All this does, is creating this connection, the file has not been read. In order to read in a file, there are a couple of possibilities:

readline() - read the first line of the file as one string.
readlines() - read all of the lines in the file. Each line is one string. The lines are combined as a list of lines (strings).
read() - read the whole file as one string. Each method has its advantage. E.g. if you’re searching for the presence of a word or string in a file, given that the file is not too big, you can use read. If you want to process an enormously big file and from each line you need to extract, process and save the information, than it’s better to read line by line with readline within a for-loop. Try to understand the difference of these methods while you go through this section.

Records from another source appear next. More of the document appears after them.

lemma eventually_closed_segment_subset:
  assumes seg: "closed_segment a z \<subseteq> S"
  shows "\<forall>\<^sub>F z' in nhds z. z' \<in> S \<longrightarrow> closed_segment a z' \<subseteq> S"
proof -
  have "a \<in> S"
    using seg by auto
  then obtain G where G: "open G" "a \<in> G" "\<And>v. v \<in> G \<Longrightarrow> v \<in> S \<Longrightarrow> closed_segment a v \<subseteq> S"
    using eventually_closed_segment_from_vertex[OF \<open>a \<in> S\<close>] unfolding eventually_nhds by blast
  have "\<forall>\<^sub>F t in at_right 0. t \<in> {0<..<1} \<and> a + t *\<^sub>R (z - a) \<in> G"
    using eventually_conj[OF eventually_at_right_real[of 0 1]
        eventually_nhds_along_ray[OF tvs eventually_nhds_in_open[OF G(1,2)]]] by simp
  then obtain \<mu> where \<mu>: "0 < \<mu>" "\<mu> < 1" "a + \<mu> *\<^sub>R (z - a) \<in> G"
    using eventually_happens'[OF trivial_limit_at_right_real] by auto
  then have "(1 - \<mu>) *\<^sub>R a + \<mu> *\<^sub>R z \<in> G"
    by (simp add: algebra_simps)
  have "continuous_on UNIV (\<lambda>z'. (1 - \<mu>) *\<^sub>R a + \<mu> *\<^sub>R z')"
    by (intro continuous_on_tvs_add[OF tvs] continuous_on_tvs_scaleR[OF tvs] continuous_intros)
  then have "open ((\<lambda>z'. (1 - \<mu>) *\<^sub>R a + \<mu> *\<^sub>R z') -` G)"
    using G(1) by (rule open_vimage[rotated])
  with \<open>(1 - \<mu>) *\<^sub>R a + \<mu> *\<^sub>R z \<in> G\<close>
  have "\<forall>\<^sub>F z' in nhds z. (1 - \<mu>) *\<^sub>R a + \<mu> *\<^sub>R z' \<in> G"
    using eventually_nhds_in_open by fastforce
  from this eventually_segment_tail_subset[OF seg \<mu>(1)]
  show ?thesis
  proof eventually_elim
    case (elim z')
    show ?case
    proof
      assume "z' \<in> S"
      with elim \<mu> have "(1 - \<mu>) *\<^sub>R a + \<mu> *\<^sub>R z' \<in> S"
        by auto
      with G(3) elim(1) have "closed_segment a ((1 - \<mu>) *\<^sub>R a + \<mu> *\<^sub>R z') \<subseteq> S"
        by blast
      with closed_segment_subset_by_parts[OF \<mu>(1)] elim(2) \<open>z' \<in> S\<close>
      show "closed_segment a z' \<subseteq> S"
        by blast
    qed
  qed
qed
(* Let $M=\{(z_1,z_2)\in\mathbb{C}^2:\operatorname{Im} z_2=|z_1|^2\}$. Let $\pi_1:U_1\to\mathbb{C}^2$ be the blow-up of the origin, with exceptional curve $E_1$, and let $M_1=\overline{\pi_1^{-1}(M\setminus\{0\})}$ be the proper transform of $M$. Let $U_1'$ be the affine chart of $U_1$ with coordinates $(z_1',z_2')$ in which $\pi_1(z_1',z_2')=(z_1',z_1'z_2')$, and let $\pi_2:U_2\to U_1'$ be the blow-up of the origin $0_1'$ of $U_1'$, with exceptional curve $E_2$, and $M_2=\overline{\pi_2^{-1}(M_1\cap U_1'\setminus\{0_1'\})}$. Let $U_2'$ be the affine chart of $U_2$ with coordinates $(u_1,u_2)$ in which $\pi_2(u_1,u_2)=(u_1,u_1u_2)$, and $0_2'$ its origin. Then: (a) $E_1\subset M_1$; (b) $M_2\cap E_2$ is a closed disk, given in $U_2'$ by $\{u_1=0,\ |u_2|\ge 1\}$ (together with the point of $E_2$ at infinity of this chart); (c) $0_2'\notin M_2$, so that if $\pi_3$ is the blow-up of $U_2$ at $0_2'$ with exceptional curve $E_3$, the proper transform $M_3$ of $M_2$ satisfies $M_3\cap E_3=\varnothing$. *)

theory Defs
  imports "HOL-Analysis.Analysis"
begin

text \<open>A point of the projective line CP^1
  (a complex line through 0 in C^2) is represented by the orthogonal projection matrix
  onto that line, written as ((P11, P12), (P21, P22)).  This realises CP^1 with its
  usual topology as a subspace of C^4.\<close>

type_synonym c2 = "complex \<times> complex"
type_synonym mat2 = "(complex \<times> complex) \<times> (complex \<times> complex)"

definition proj_line :: "c2 \<Rightarrow> mat2" where
  "proj_line v = (let a = fst v; b = snd v;
                      n = complex_of_real ((cmod a)^2 + (cmod b)^2)
                  in ((a * cnj a / n, a * cnj b / n), (b * cnj a / n, b * cnj b / n)))"

definition blowup :: "(c2 \<times> mat2) set" where
  "blowup = {(z, proj_line v) | z v. v \<noteq> (0, 0) \<and> (\<exists>c. z = (c * fst v, c * snd v))}"

definition exceptional :: "(c2 \<times> mat2) set" where
  "exceptional = {p \<in> blowup. fst p = (0, 0)}"

definition proper_transform :: "c2 set \<Rightarrow> (c2 \<times> mat2) set" where
  "proper_transform S = closure {p \<in> blowup. fst p \<in> S - {(0, 0)}} \<inter> blowup"

definition chart :: "c2 \<Rightarrow> c2 \<times> mat2" where
  "chart q = ((fst q, fst q * snd q), proj_line (1, snd q))"

definition hyperquadric :: "c2 set" where
  "hyperquadric = {(z1, z2). Im z2 = (cmod z1)^2}"

end

theory Submission
  imports Defs
begin

text \<open>In the chart (z1, z1 z2) the hyperquadric reads Im(a b) = |a|^2, which contains the
  whole axis a = 0, i.e. the exceptional curve; this is (a).  Blowing up once more, a point
  (0, u) of the next exceptional curve is a limit of points (a, u) with Im(a^2 u) = |a|^2,
  and writing a = e w with |w| = 1 this is solvable iff |u| \<ge> 1.  Conversely
  |a|^2 = Im(a b) \<le> |a| |b| shows that the second proper transform only meets lines
  [v1 : v2] with |v1| \<le> |v2|.  Hence it meets the second exceptional curve in a closed disc
  centred at the point [0 : 1], which is (b), and it stays away from the origin of the
  chart (u1, u1 u2), where |u2| \<ge> 1 fails; this is (c).\<close>

lemma proj_line_smult:
  assumes "c \<noteq> 0"
  shows "proj_line (c * a, c * b) = proj_line (a, b)"
proof -
  define K where "K = c * cnj c"
  define N where "N = complex_of_real ((cmod a)^2 + (cmod b)^2)"
  have "K = complex_of_real ((cmod c)^2)"
    unfolding K_def complex_norm_square ..
  then have norm: "complex_of_real ((cmod (c * a))^2 + (cmod (c * b))^2) = K * N"
    and "K \<noteq> 0"
    using assms by (simp_all add: N_def norm_mult algebra_simps)
  then have cancel: "(K * x) / (K * N) = x / N" for x
    by simp
  have "c * x * cnj (c * y) = K * (x * cnj y)" for x y
    unfolding K_def by (simp add: ac_simps)
  then show ?thesis
    unfolding proj_line_def Let_def fst_conv snd_conv norm N_def[symmetric]
    by (simp only: cancel)
qed

lemma continuous_on_proj_line: "continuous_on (- {(0, 0)}) proj_line"
proof -
  have "complex_of_real ((cmod (fst v))^2 + (cmod (snd v))^2) \<noteq> 0" if "v \<noteq> (0, 0)" for v
  proof -
    have "(cmod (fst v))^2 + (cmod (snd v))^2 \<noteq> 0"
      using that by (cases v) (simp add: add_nonneg_eq_0_iff)
    then show ?thesis
      using of_real_eq_0_iff by blast
  qed
  then show ?thesis
    unfolding proj_line_def Let_def by (intro continuous_intros) auto
qed

lemma Re_proj_line_diag:
  fixes v :: c2
  defines "N \<equiv> (cmod (fst v))^2 + (cmod (snd v))^2"
  shows "Re (fst (fst (proj_line v))) = (cmod (fst v))^2 / N"
    and "Re (snd (snd (proj_line v))) = (cmod (snd v))^2 / N"
  unfolding proj_line_def Let_def N_def
  by (simp_all only: fst_conv snd_conv flip: complex_norm_square of_real_divide, simp_all)

lemma inj_proj_line_snd1: "inj (\<lambda>w. proj_line (w, 1))"
proof (rule injI)
  have "snd (fst (proj_line (w, 1))) / snd (snd (proj_line (w, 1))) = w" for w
  proof -
    have "complex_of_real ((cmod w)^2 + 1) \<noteq> 0"
      by (metis add_nonneg_pos of_real_eq_0_iff zero_le_power2 zero_less_one order_less_irrefl)
    then show ?thesis
      unfolding proj_line_def Let_def by simp
  qed
  then show "w = w'" if "proj_line (w, 1) = proj_line (w', 1)" for w w'
    using that by metis
qed

text \<open>Points over lines [v1 : v2] with |v1| \<le> |v2|, read off the diagonal of the projection
  matrix (see proj_line_in_steep_lines_iff).\<close>

definition steep_lines :: "(c2 \<times> mat2) set" where
  "steep_lines = {p. Re (fst (fst (snd p))) \<le> Re (snd (snd (snd p)))}"

lemma closed_steep_lines: "closed steep_lines"
  unfolding steep_lines_def by (intro closed_Collect_le continuous_intros)

lemma proj_line_in_steep_lines_iff:
  assumes "v \<noteq> (0, 0)"
  shows "(z, proj_line v) \<in> steep_lines \<longleftrightarrow> cmod (fst v) \<le> cmod (snd v)"
proof -
  have "0 < (cmod (fst v))^2 + (cmod (snd v))^2"
    using assms by (cases v) (auto simp: add_pos_nonneg add_nonneg_pos)
  then have "(z, proj_line v) \<in> steep_lines \<longleftrightarrow> (cmod (fst v))^2 \<le> (cmod (snd v))^2"
    unfolding steep_lines_def by (simp add: Re_proj_line_diag divide_le_cancel)
  also have "\<dots> \<longleftrightarrow> cmod (fst v) \<le> cmod (snd v)"
    by (simp add: power2_le_iff_abs_le)
  finally show ?thesis .
qed

definition punctured_preimage :: "c2 set \<Rightarrow> (c2 \<times> mat2) set" where
  "punctured_preimage S = {p \<in> blowup. fst p \<in> S - {(0, 0)}}"

lemma proper_transform_eq: "proper_transform S = closure (punctured_preimage S) \<inter> blowup"
  unfolding proper_transform_def punctured_preimage_def ..
lemma RH_inf_mat_four_block_iff:
  assumes "A \<in> carrier_mat nr nc" "B \<in> carrier_mat nr nc'"
    and "C \<in> carrier_mat nr' nc" "D \<in> carrier_mat nr' nc'"
  shows "RH_inf_mat (four_block_mat A B C D) \<longleftrightarrow>
    RH_inf_mat A \<and> RH_inf_mat B \<and> RH_inf_mat C \<and> RH_inf_mat D"
proof
  assume RH: "RH_inf_mat (four_block_mat A B C D)"
  have entry: "RH_inf (four_block_mat A B C D $$ (i, j))" if "i < nr + nr'" "j < nc + nc'" for i j
    using RH assms that unfolding RH_inf_mat_def by simp
  have "RH_inf (A $$ (i, j))" if "i < nr" "j < nc" for i j
    using entry[of i j] that assms by simp
  moreover have "RH_inf (B $$ (i, j))" if "i < nr" "j < nc'" for i j
    using entry[of i "nc + j"] that assms by simp
  moreover have "RH_inf (C $$ (i, j))" if "i < nr'" "j < nc" for i j
    using entry[of "nr + i" j] that assms by simp
  moreover have "RH_inf (D $$ (i, j))" if "i < nr'" "j < nc'" for i j
    using entry[of "nr + i" "nc + j"] that assms by simp
  ultimately show "RH_inf_mat A \<and> RH_inf_mat B \<and> RH_inf_mat C \<and> RH_inf_mat D"
    unfolding RH_inf_mat_def using assms by auto
next
  assume "RH_inf_mat A \<and> RH_inf_mat B \<and> RH_inf_mat C \<and> RH_inf_mat D"
  then show "RH_inf_mat (four_block_mat A B C D)"
    using assms unfolding RH_inf_mat_def by auto
qed

lemma RH_inf_mat_G_yu:
  "G \<in> carrier_mat (nw + nz + ny) (nv + nd + nu) \<Longrightarrow> RH_inf_mat G \<Longrightarrow>
    RH_inf_mat (G_yu nw nz ny nv nd nu G)"
  unfolding RH_inf_mat_def G_yu_def by auto

lemma RH_inf_mat_rectifier:
  "G \<in> carrier_mat (nw + nz + ny) (nv + nd + nu) \<Longrightarrow> RH_inf_mat G \<Longrightarrow>
    RH_inf_mat (rectifier nw nz ny nv G)"
  unfolding RH_inf_mat_def rectifier_def G_yv_def
  by (auto simp: RH_inf_0 RH_inf_1 intro!: RH_inf_uminus)

section \<open>Block matrices and inverses\<close>

lemma four_block_mat_inject:
  assumes "A \<in> carrier_mat nr nc" "A' \<in> carrier_mat nr nc"
    and "B \<in> carrier_mat nr nc'" "B' \<in> carrier_mat nr nc'"
    and "C \<in> carrier_mat nr' nc" "C' \<in> carrier_mat nr' nc"
    and "D \<in> carrier_mat nr' nc'" "D' \<in> carrier_mat nr' nc'"
  shows "four_block_mat A B C D = four_block_mat A' B' C' D' \<longleftrightarrow>
    A = A' \<and> B = B' \<and> C = C' \<and> D = D'"
proof
  assume eq: "four_block_mat A B C D = four_block_mat A' B' C' D'"
  have entry: "four_block_mat A B C D $$ (i, j) = four_block_mat A' B' C' D' $$ (i, j)" for i j
    by (simp only: eq)
  have "A $$ (i, j) = A' $$ (i, j)" if "i < nr" "j < nc" for i j
    using entry[of i j] that assms by simp
  moreover have "B $$ (i, j) = B' $$ (i, j)" if "i < nr" "j < nc'" for i j
    using entry[of i "j + nc"] that assms by simp
  moreover have "C $$ (i, j) = C' $$ (i, j)" if "i < nr'" "j < nc" for i j
    using entry[of "i + nr" j] that assms by simp
  moreover have "D $$ (i, j) = D' $$ (i, j)" if "i < nr'" "j < nc'" for i j
    using entry[of "i + nr" "j + nc"] that assms by simp
  ultimately show "A = A' \<and> B = B' \<and> C = C' \<and> D = D'"
    using assms by (auto intro!: eq_matI)
qed simp
(* For all positive integers $N$ and $k$, $c_{kN}\ge c_N$.
   Context: $\mathbb{T}$ is the unit circle with normalized Lebesgue measure and $\hat f(n)=\frac{1}{2\pi}\int_0^{2\pi} f(e^{i\theta})e^{-in\theta}\,d\theta$. For a positive integer $M$, $\mathcal{T}_{M+1}$ is the class of $(M+1)\times(M+1)$ complex self-adjoint Toeplitz matrices $A=(a_{j-l})_{j,l=0}^M$, viewed as operators on $\mathbb{C}^{M+1}$ (equivalently on the space of polynomials of degree at most $M$ in $L^2(\mathbb{T})$ with monomial basis) with operator norm $\|A\|$. For such $A$, $\mathcal{G}_A$ is the set of $f\in L^\infty(\mathbb{T})$ with $\hat f(n)=a_n$ for $|n|\le M$, and $c_A=\min\{\|f\|_\infty: f\in\mathcal{G}_A\}$. Then $c_M=\max\{c_A/\|A\|: A\in\mathcal{T}_{M+1},\ A\neq 0\}$ (the maximum is attained). *)

theory Defs
  imports "HOL-Analysis.Analysis" "HOL-Probability.Essential_Supremum"
begin

text \<open>Functions on the unit circle are parametrized by the angle theta in [0, 2 pi];
  the measure is Lebesgue measure on [0, 2 pi] (normalization is irrelevant for the
  essential supremum, and the Fourier coefficient carries the factor 1/(2 pi)).\<close>

abbreviation circ_measure :: "real measure" where
  "circ_measure \<equiv> lebesgue_on {0..2*pi}"

definition fourier_coeff :: "(real \<Rightarrow> complex) \<Rightarrow> int \<Rightarrow> complex" where
  "fourier_coeff f n =
     (1 / (2*pi)) * (\<integral>\<theta>. f \<theta> * exp (- (\<i> * of_int n * of_real \<theta>)) \<partial>circ_measure)"

definition Linf_norm :: "(real \<Rightarrow> complex) \<Rightarrow> ereal" where
  "Linf_norm f = esssup circ_measure (\<lambda>\<theta>. ereal (cmod (f \<theta>)))"

definition Linf :: "(real \<Rightarrow> complex) set" where
  "Linf = {f. f \<in> borel_measurable circ_measure \<and> Linf_norm f < \<infinity>}"

text \<open>A self-adjoint Toeplitz matrix A = (a_(j-l))_(j,l=0..M) is given by its symbol
  a :: int => complex on {-M..M} with a(-n) = conj (a n).\<close>
definition selfadj_toeplitz :: "nat \<Rightarrow> (int \<Rightarrow> complex) \<Rightarrow> bool" where
  "selfadj_toeplitz M a \<longleftrightarrow> (\<forall>n. \<bar>n\<bar> \<le> int M \<longrightarrow> a (-n) = cnj (a n))"

definition toeplitz_nonzero :: "nat \<Rightarrow> (int \<Rightarrow> complex) \<Rightarrow> bool" where
  "toeplitz_nonzero M a \<longleftrightarrow> (\<exists>n. \<bar>n\<bar> \<le> int M \<and> a n \<noteq> 0)"

definition toeplitz_opnorm :: "nat \<Rightarrow> (int \<Rightarrow> complex) \<Rightarrow> real" where
  "toeplitz_opnorm M a = Sup {sqrt (\<Sum>j\<le>M. (cmod (\<Sum>l\<le>M. a (int j - int l) * v l))\<^sup>2) | v.
       (\<Sum>l\<le>M. (cmod (v l))\<^sup>2) \<le> 1}"

definition G_set :: "nat \<Rightarrow> (int \<Rightarrow> complex) \<Rightarrow> (real \<Rightarrow> complex) set" where
  "G_set M a = {f \<in> Linf. \<forall>n. \<bar>n\<bar> \<le> int M \<longrightarrow> fourier_coeff f n = a n}"

text \<open>c_A = min of the L-infinity norms over G_A (the paper shows the minimum is attained,
  so it equals the infimum).\<close>
definition c_A :: "nat \<Rightarrow> (int \<Rightarrow> complex) \<Rightarrow> ereal" where
  "c_A M a = (INF f \<in> G_set M a. Linf_norm f)"

text \<open>c_M = max of c_A / ||A|| over nonzero self-adjoint Toeplitz A (attained, so = Sup).\<close>
definition c_const :: "nat \<Rightarrow> ereal" where
  "c_const M = (SUP a \<in> {a. selfadj_toeplitz M a \<and> toeplitz_nonzero M a}.
                   c_A M a / ereal (toeplitz_opnorm M a))"

end

theory Submission
  imports Defs
begin

text \<open>Dilating the symbol of \<open>A\<close> by \<open>k\<close> (moving \<open>a n\<close> to position \<open>k n\<close>, zeros elsewhere) does
  not increase the operator norm: after sorting coordinates by their residue mod \<open>k\<close>, the dilated
  matrix acts on each residue class as a compression of \<open>A\<close>. Conversely, if a bounded \<open>g\<close> has the
  dilated symbol as Fourier coefficients, then the mean \<open>f\<close> of \<open>g\<close> over \<open>k\<close>-th roots,
  \<open>f z = (1/k) \<Sum>{g w | w\<^sup>k = z}\<close>, satisfies \<open>fourier_coeff f n = fourier_coeff g (k n) = a n\<close> and
  has no larger sup norm. Hence \<open>c\<^sub>A / \<parallel>A\<parallel>\<close> can only grow when \<open>A\<close> is replaced by its dilation.\<close>

definition toeplitz_mult :: "nat \<Rightarrow> (int \<Rightarrow> complex) \<Rightarrow> (nat \<Rightarrow> complex) \<Rightarrow> nat \<Rightarrow> complex" where
  "toeplitz_mult M a v j = (\<Sum>l\<le>M. a (int j - int l) * v l)"

definition sqnorm :: "nat \<Rightarrow> (nat \<Rightarrow> complex) \<Rightarrow> real" where
  "sqnorm M v = (\<Sum>l\<le>M. (cmod (v l))\<^sup>2)"

lemma toeplitz_opnorm_eq:
  "toeplitz_opnorm M a = Sup {sqrt (sqnorm M (toeplitz_mult M a v)) | v. sqnorm M v \<le> 1}"
  by (simp add: toeplitz_opnorm_def toeplitz_mult_def sqnorm_def)

lemma sqnorm_nonneg: "sqnorm M v \<ge> 0"
  by (simp add: sqnorm_def sum_nonneg)
(* Let $N\ge 4$ be even and let $P_1,\dots,P_N$ be an $N$-periodic billiard trajectory in $E$. For $j=1,2$ let $P_{j,i}^{-1}$ be the inversion of $P_i$ in the unit circle centered at $f_j$, i.e. $P_{j,i}^{-1}=f_j+\dfrac{P_i-f_j}{|P_i-f_j|^2}$, and let $A_j^\dagger$ be the signed area of the polygon $P_{j,1}^{-1},\dots,P_{j,N}^{-1}$. Then $A_1^\dagger=A_2^\dagger$, i.e. $A_1^\dagger/A_2^\dagger=1$.
   Context: Let $E$ be the ellipse $x^2/a^2+y^2/b^2=1$ with $a>b>0$, center $O=(0,0)$ and foci $f_1=(-\sqrt{a^2-b^2},0)$, $f_2=(\sqrt{a^2-b^2},0)$. An $N$-periodic billiard trajectory is a convex polygon with vertices $P_1,\dots,P_N\in E$ (indices mod $N$), listed counterclockwise and winding once around $O$, with $P_i\neq P_{i+1}$, such that at every vertex $P_i$ the normal line to $E$ at $P_i$ bisects the angle $\angle P_{i-1}P_iP_{i+1}$, and all of whose sides are tangent to a common ellipse confocal with $E$. The signed area of a polygon with vertices $W_i=(x_i,y_i)$, $i=1,\dots,N$ (indices mod $N$), is $S=\tfrac12\sum_{i=1}^N (x_iy_{i+1}-x_{i+1}y_i)$. *)

theory Defs
  imports "HOL-Analysis.Analysis"
begin

type_synonym pt = "real \<times> real"

definition on_ellipse :: "real \<Rightarrow> real \<Rightarrow> pt \<Rightarrow> bool" where
  "on_ellipse a b p \<longleftrightarrow> (fst p)\<^sup>2 / a\<^sup>2 + (snd p)\<^sup>2 / b\<^sup>2 = 1"

definition cross2 :: "pt \<Rightarrow> pt \<Rightarrow> real" where
  "cross2 u v = fst u * snd v - snd u * fst v"

definition len2 :: "pt \<Rightarrow> real" where
  "len2 u = sqrt ((fst u)\<^sup>2 + (snd u)\<^sup>2)"

definition focus1 :: "real \<Rightarrow> real \<Rightarrow> pt" where
  "focus1 a b = (- sqrt (a\<^sup>2 - b\<^sup>2), 0)"

definition focus2 :: "real \<Rightarrow> real \<Rightarrow> pt" where
  "focus2 a b = (sqrt (a\<^sup>2 - b\<^sup>2), 0)"

text \<open>Normal direction of the ellipse at p: gradient (x/a^2, y/b^2).
  The normal line at P bisects the angle P(i-1) P P(i+1): the sum of the
  unit vectors towards the neighbours is a nonzero vector on the normal line.\<close>
definition normal_bisects :: "real \<Rightarrow> real \<Rightarrow> pt \<Rightarrow> pt \<Rightarrow> pt \<Rightarrow> bool" where
  "normal_bisects a b p q r \<longleftrightarrow>
     (let u = (q - p) /\<^sub>R len2 (q - p); w = (r - p) /\<^sub>R len2 (r - p);
          n = (fst p / a\<^sup>2, snd p / b\<^sup>2)
      in u + w \<noteq> 0 \<and> cross2 (u + w) n = 0)"

definition line_tangent_ellipse :: "real \<Rightarrow> real \<Rightarrow> pt \<Rightarrow> pt \<Rightarrow> bool" where
  "line_tangent_ellipse al be p q \<longleftrightarrow>
     (\<exists>!z. (\<exists>t::real. z = p + t *\<^sub>R (q - p)) \<and> (fst z)\<^sup>2 / al + (snd z)\<^sup>2 / be = 1)"
lemma subgaussian_mean_square_tail_exp:
  assumes "prob_space M" and T: "T > 0"
    and sg: "\<And>t. t < T \<Longrightarrow> subgaussian M (\<lambda>\<omega>. N \<omega> t) nu"
    and s: "s > 0" and x: "x > 0"
  shows "measure M {\<omega> \<in> space M. x < (\<Sum>t<T. (N \<omega> t)\<^sup>2) / real T}
           \<le> 2 * exp (nu * s\<^sup>2 / 2) * fact (2 * p) / (x ^ p * s ^ (2 * p))"
proof -
  interpret prob_space M by fact
  define h where "h \<omega> t = exp (s * N \<omega> t) + exp (- (s * N \<omega> t))" for \<omega> t
  define g where "g \<omega> = (\<Sum>t<T. h \<omega> t) / real T" for \<omega>
  define c where "c = x ^ p * s ^ (2 * p) / fact (2 * p)"
  have c: "c > 0"
    using x s by (simp add: c_def)
  have [measurable]: "\<And>t. t < T \<Longrightarrow> (\<lambda>\<omega>. N \<omega> t) \<in> borel_measurable M"
    using sg by (simp add: subgaussian_def)
  have h_int: "\<And>t. t < T \<Longrightarrow> integrable M (\<lambda>\<omega>. h \<omega> t)"
    unfolding h_def by (rule subgaussian_two_sided_exp(1)[OF sg])
  then have g_int: "integrable M g"
    unfolding g_def by (intro integrable_divide_zero integrable_sum) auto
  have "(\<integral>\<omega>. g \<omega> \<partial>M) = (\<Sum>t<T. (\<integral>\<omega>. h \<omega> t \<partial>M)) / real T"
    unfolding g_def
    using Bochner_Integration.integral_sum[where I = "{..<T}" and M = M and f = "\<lambda>t \<omega>. h \<omega> t"] h_int
    by simp
  also have "\<dots> \<le> (\<Sum>t<T. 2 * exp (nu * s\<^sup>2 / 2)) / real T"
    unfolding h_def using subgaussian_two_sided_exp(2)[OF sg]
    by (intro divide_right_mono sum_mono) auto
  also have "\<dots> = 2 * exp (nu * s\<^sup>2 / 2)"
    using T by simp
  finally have g_bound: "(\<integral>\<omega>. g \<omega> \<partial>M) \<le> 2 * exp (nu * s\<^sup>2 / 2)" .
  have "{\<omega> \<in> space M. x < (\<Sum>t<T. (N \<omega> t)\<^sup>2) / real T} \<subseteq> {\<omega> \<in> space M. c \<le> g \<omega>}"
  proof safe
    fix \<omega> assume "x < (\<Sum>t<T. (N \<omega> t)\<^sup>2) / real T"
    then have "x ^ p * s ^ (2 * p) \<le> ((\<Sum>t<T. (N \<omega> t)\<^sup>2) / real T) ^ p * s ^ (2 * p)"
      using x s by (intro mult_right_mono power_mono) auto
    also have "\<dots> \<le> fact (2 * p) * g \<omega>"
      unfolding g_def h_def by (rule mean_square_power_le_mean_exp[OF T s])
    finally show "c \<le> g \<omega>"
      by (simp add: c_def divide_le_eq mult.commute)
  qed
  then have "measure M {\<omega> \<in> space M. x < (\<Sum>t<T. (N \<omega> t)\<^sup>2) / real T}
      \<le> measure M {\<omega> \<in> space M. c \<le> g \<omega>}"
    by (rule finite_measure_mono) (simp add: g_def h_def)
  also have "\<dots> \<le> (\<integral>\<omega>. g \<omega> \<partial>M) / c"
  proof (rule integral_Markov_inequality_measure[OF g_int, of "space M"])
    show "AE \<omega> in M. 0 \<le> g \<omega>"
      by (simp add: g_def h_def sum_nonneg)
  qed (use c in auto)
  also have "\<dots> \<le> 2 * exp (nu * s\<^sup>2 / 2) / c"
    using g_bound c by (intro divide_right_mono) auto
  finally show ?thesis
    by (simp add: c_def)
qed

Given the file readfile.txt in a folder named data:

This is the first line.
Here is a second one. 
And there is also a third line. 

Using read: Note that the three different lines are read in one long string. This is how the read function works.

fileHandle = open("data/readfile.txt")  
fileHandle.read()

fileHandle.close()

Using readline: Readline reads in the following line. It starts with the first one. When you call the method again, it will print the second line. It’s important to understand this as you can exploit this method in a for-loop to access each line separately.

fileHandle = open("data/readfile.txt")   
fileHandle.readline()

fileHandle.readline()

fileHandle.close()

Using readlines: Instead of reading the lines of a file one by one, you can also do it in one go. As explained above, each line is one string and all of the lines/strings are stored in a list.
```
fileHandle = open("data/readfile.txt")   
fileHandle.readlines()
```

fileHandle.close()

Knowing this we can move on to more complex examples. First make sure to find the PDB file TestFile.PDB in your data folder or download this fake PDB coordinate file for a 5 residue peptide and save it in the data directory.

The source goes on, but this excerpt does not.